**Work request:**
Scan the data for "leaves" and copy each matching line.

======== Data supplied ========

definition subtrees :: "'a set \<Rightarrow> ('a \<Rightarrow> 'a \<Rightarrow> bool) \<Rightarrow> 'a set set" where
  "subtrees V E = {S. S \<subseteq> V \<and> S \<noteq> {} \<and> induces_connected E S}"

definition subtrees' :: "'a set \<Rightarrow> ('a \<Rightarrow> 'a \<Rightarrow> bool) \<Rightarrow> 'a set set" where
  "subtrees' V E = insert {} (subtrees V E - {{v} | v. is_leaf V E v})"

definition avg_card :: "'a set set \<Rightarrow> real" where
  "avg_card F = (\<Sum>S\<in>F. real (card S)) / real (card F)"

definition mu :: "'a set \<Rightarrow> ('a \<Rightarrow> 'a \<Rightarrow> bool) \<Rightarrow> real" where
  "mu V E = avg_card (subtrees V E)"

definition mu' :: "'a set \<Rightarrow> ('a \<Rightarrow> 'a \<Rightarrow> bool) \<Rightarrow> real" where
  "mu' V E = avg_card (subtrees' V E)"

definition is_P4 :: "'a set \<Rightarrow> ('a \<Rightarrow> 'a \<Rightarrow> bool) \<Rightarrow> bool" where
  "is_P4 V E \<longleftrightarrow> (\<exists>f. bij_betw f {0::nat..<4} V \<and>
     (\<forall>i<4. \<forall>j<4. E (f i) (f j) \<longleftrightarrow> (i = j + 1 \<or> j = i + 1)))"

end

theory Submission imports Defs begin

text \<open>Write \<open>X = \<Sum>S\<in>\<S>(T). (|S| - 2)\<close> for the size excess of the subtrees, \<open>N\<close> for their
number and \<open>l \<ge> 2\<close> for the number of leaves. Passing from \<open>\<S>(T)\<close> to \<open>\<S>'(T)\<close> removes \<open>l\<close>
singletons and adds the empty set, and a direct computation gives
\<open>\<mu>' - \<mu> = (N (l - 2) + X (l - 1)) / (N (N - l + 1))\<close>. The excess is at least \<open>2n - 8\<close>:
the whole tree and the two trees obtained by deleting one of two leaves contribute
\<open>3n - 8\<close>, and only the at most \<open>n\<close> singletons contribute negatively. Hence \<open>\<mu> \<le> \<mu>'\<close>, and
equality forces \<open>l = 2\<close> and \<open>n = 4\<close>, i.e. the path \<open>P\<^sub>4\<close>.\<close>

lemma leaf_neighbour_unique:
  assumes "simple_graph V E" "is_leaf V E v" "E v x" "E v y"
  shows "x = y"
proof -
  have "finite {u\<in>V. E v u}" using assms(1) unfolding simple_graph_def by simp
  moreover have "card {u\<in>V. E v u} \<le> Suc 0" using assms(2) unfolding is_leaf_def degree_def by simp
  moreover have "x \<in> {u\<in>V. E v u}" "y \<in> {u\<in>V. E v u}"
    using assms(1,3,4) unfolding simple_graph_def by auto
  ultimately show ?thesis using card_le_Suc0_iff_eq by blast
qed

========

**Reply to the exercise:**
number and \<open>l \<ge> 2\<close> for the number of leaves. Passing from \<open>\<S>(T)\<close> to \<open>\<S>'(T)\<close> removes \<open>l\<close>
the whole tree and the two trees obtained by deleting one of two leaves contribute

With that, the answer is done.